In truth, things aren't as bad for the Lions as they might seem. Yes, they've only won one game, but they're just minus-14 in point differential, and they rank 15th overall in Football Outsiders' efficiency metrics. Their special teams have been awful this year (which is how they lost their Week 4 game against the Minnesota Vikings -- two return touchdowns proved to be the difference), but if I'm a general manager speaking under the cloak of anonymity, I'm probably taking a lot more shots at the Kansas City Chiefs or Jacksonville Jaguars at this point.
Or, perhaps Mr. X was aware that enough people have thrown those teams under the bus, and it's buzzier to take after a new target.
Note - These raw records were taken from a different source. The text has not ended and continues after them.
lemma Phi_Tmap_block_end:
  assumes "A1 \<noteq> []" and "length (C n) \<le> length (Aw A1 C y n)"
  shows "Phi (Tmap A1 C y) (Tmap A1 C y') (block_end A1 C y n) t
      \<le> Phi y y' (Suc n) (t + 1 / 2 ^ m) + (real m + 2) / Suc n"
    and "Phi y y' (Suc n) (t - 1 / 2 ^ m)
      \<le> Phi (Tmap A1 C y) (Tmap A1 C y') (block_end A1 C y n) t + (real m + 2) / Suc n"
proof -
  define a where "a = length (Aw A1 C y n)"
  define b where "b = a + length (C n)"
  have "length (Aw A1 C y' n) = a"
    unfolding a_def by (rule length_Aw_independent)
  then have block: "\<forall>i<a\<^sup>2 * Suc n. Tmap A1 C y (b + i) = y (i mod Suc n)
      \<and> Tmap A1 C y' (b + i) = y' (i mod Suc n)"
    using Tmap_periodic_block[OF assms(1), of _ C y n] Tmap_periodic_block[OF assms(1), of _ C y' n]
    by (simp add: a_def b_def)
  have "0 < a"
    using length_Aw_gt[OF assms(1), of n C y] unfolding a_def by linarith
  have "b \<le> 2 * a"
    using assms(2) by (simp add: a_def b_def)
  also have "2 * a \<le> 2 * a\<^sup>2"
    by (simp add: power2_eq_square)
  finally have "real b / real (a\<^sup>2) \<le> 2"
    using \<open>0 < a\<close> by (simp add: divide_le_eq del: of_nat_power)
  then have err: "(m + b / a\<^sup>2) / Suc n \<le> (real m + 2) / Suc n"
    by (simp add: divide_right_mono)
  have end_eq: "block_end A1 C y n = b + a\<^sup>2 * Suc n"
    by (simp add: block_end_def a_def b_def)
  show "Phi (Tmap A1 C y) (Tmap A1 C y') (block_end A1 C y n) t
      \<le> Phi y y' (Suc n) (t + 1 / 2 ^ m) + (real m + 2) / Suc n"
    using Phi_periodic_block_le[OF block, of t m] \<open>0 < a\<close> err by (simp add: end_eq)
  show "Phi y y' (Suc n) (t - 1 / 2 ^ m)
      \<le> Phi (Tmap A1 C y) (Tmap A1 C y') (block_end A1 C y n) t + (real m + 2) / Suc n"
    using Phi_periodic_block_ge[OF block, of t m] \<open>0 < a\<close> err by (simp add: end_eq)
qed

lemma Tmap_shadows:
  assumes "A1 \<noteq> []" and short: "\<forall>\<^sub>F n in sequentially. length (C n) \<le> length (Aw A1 C y n)"
    and "\<delta> > 0"
  shows "\<exists>e. e \<longlonglongrightarrow> 0 \<and> (\<forall>\<^sub>F n in sequentially.
      Phi (Tmap A1 C y) (Tmap A1 C y') (block_end A1 C y n) t \<le> Phi y y' (Suc n) (t + \<delta>) + e n \<and>
      Phi y y' (Suc n) (t - \<delta>) \<le> Phi (Tmap A1 C y) (Tmap A1 C y') (block_end A1 C y n) t + e n)"
proof -
  obtain m :: nat where "1 / 2 ^ m < \<delta>"
    using real_arch_pow_inv[of \<delta> "1 / 2"] \<open>\<delta> > 0\<close> by (auto simp: power_one_over)
  then have Phi_le: "Phi y y' k (t + 1 / 2 ^ m) \<le> Phi y y' k (t + \<delta>)"
    and Phi_ge: "Phi y y' k (t - \<delta>) \<le> Phi y y' k (t - 1 / 2 ^ m)" for k
    by (simp_all add: Phi_mono)
  have "(\<lambda>n. (real m + 2) / real (Suc n)) \<longlonglongrightarrow> 0"
    by (rule LIMSEQ_Suc[OF lim_const_over_n])
  moreover have "\<forall>\<^sub>F n in sequentially.
      Phi (Tmap A1 C y) (Tmap A1 C y') (block_end A1 C y n) t
        \<le> Phi y y' (Suc n) (t + \<delta>) + (real m + 2) / Suc n \<and>
      Phi y y' (Suc n) (t - \<delta>)
        \<le> Phi (Tmap A1 C y) (Tmap A1 C y') (block_end A1 C y n) t + (real m + 2) / Suc n"
    using short
  proof eventually_elim
    case (elim n)
    show ?case
      using Phi_Tmap_block_end[OF \<open>A1 \<noteq> []\<close> elim, of y' t m] Phi_le[of "Suc n"] Phi_ge[of "Suc n"]
      by linarith
  qed
  ultimately show ?thesis
    by blast
qed

theorem proposition3p7:
  fixes k :: nat and P :: "(nat \<Rightarrow> nat) set" and C :: "nat \<Rightarrow> nat list"
    and A1 :: "nat list" and y y' :: "nat \<Rightarrow> nat"
  assumes "k \<ge> 2"
    and "subshift k P"
    and "P \<noteq> FullShift k"
    and "range C = {w. contained P w}"
    and "set A1 \<subseteq> {..<k}"
    and "\<not> contained P A1"
    and "\<forall>z\<in>P. (\<lambda>n. real (length (C n))) \<in> o(\<lambda>n. real (length (Aw A1 C z n)))"
    and "y \<in> P" and "y' \<in> P"
    and "DC1 y y'"
  shows "DC1 (Tmap A1 C y) (Tmap A1 C y')"
proof -
  have "contained P []"
    using \<open>subshift k P\<close> by (auto simp: subshift_def contained_def is_prefix_def)
  then have "A1 \<noteq> []"
    using \<open>\<not> contained P A1\<close> by auto
  have "\<forall>\<^sub>F n in sequentially. norm (real (length (C n))) \<le> 1 * norm (real (length (Aw A1 C y n)))"
    using assms(7) \<open>y \<in> P\<close> by (intro landau_o.smallD) auto
  then have short: "\<forall>\<^sub>F n in sequentially. length (C n) \<le> length (Aw A1 C y n)"
    by simp
  have N: "filterlim (block_end A1 C y) at_top sequentially"
  proof (rule filterlim_at_top_mono[OF filterlim_ident])
    show "\<forall>\<^sub>F n in sequentially. n \<le> block_end A1 C y n"
      using length_Aw_gt[OF \<open>A1 \<noteq> []\<close>] by (simp add: block_end_def less_imp_le_nat trans_le_add1)
  qed
  show ?thesis
    by (rule DC1_of_shadowing[OF \<open>DC1 y y'\<close> N Tmap_shadows[OF \<open>A1 \<noteq> []\<close> short]])
qed

end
One thing's for sure -- we'd like to know the team-building resume of any guy blowing up any other front office.
Especially when the guy in question actually defends Matt Millen.
"What has he [Mayhew] really accomplished? Matt never said he did a good job — he was not ready for it. He did not have enough good people around him. There were things that if he had to do it again, he would not do. And he did not have the experience or the right people around him to get it done.
"So much of this is having the right people around you — I don't know that Detroit has all the pieces in place like they think they did, and people are starting to see the cracks."
The cracks may be in the Lions' roster, but they're also pretty rampant in this executive's analysis.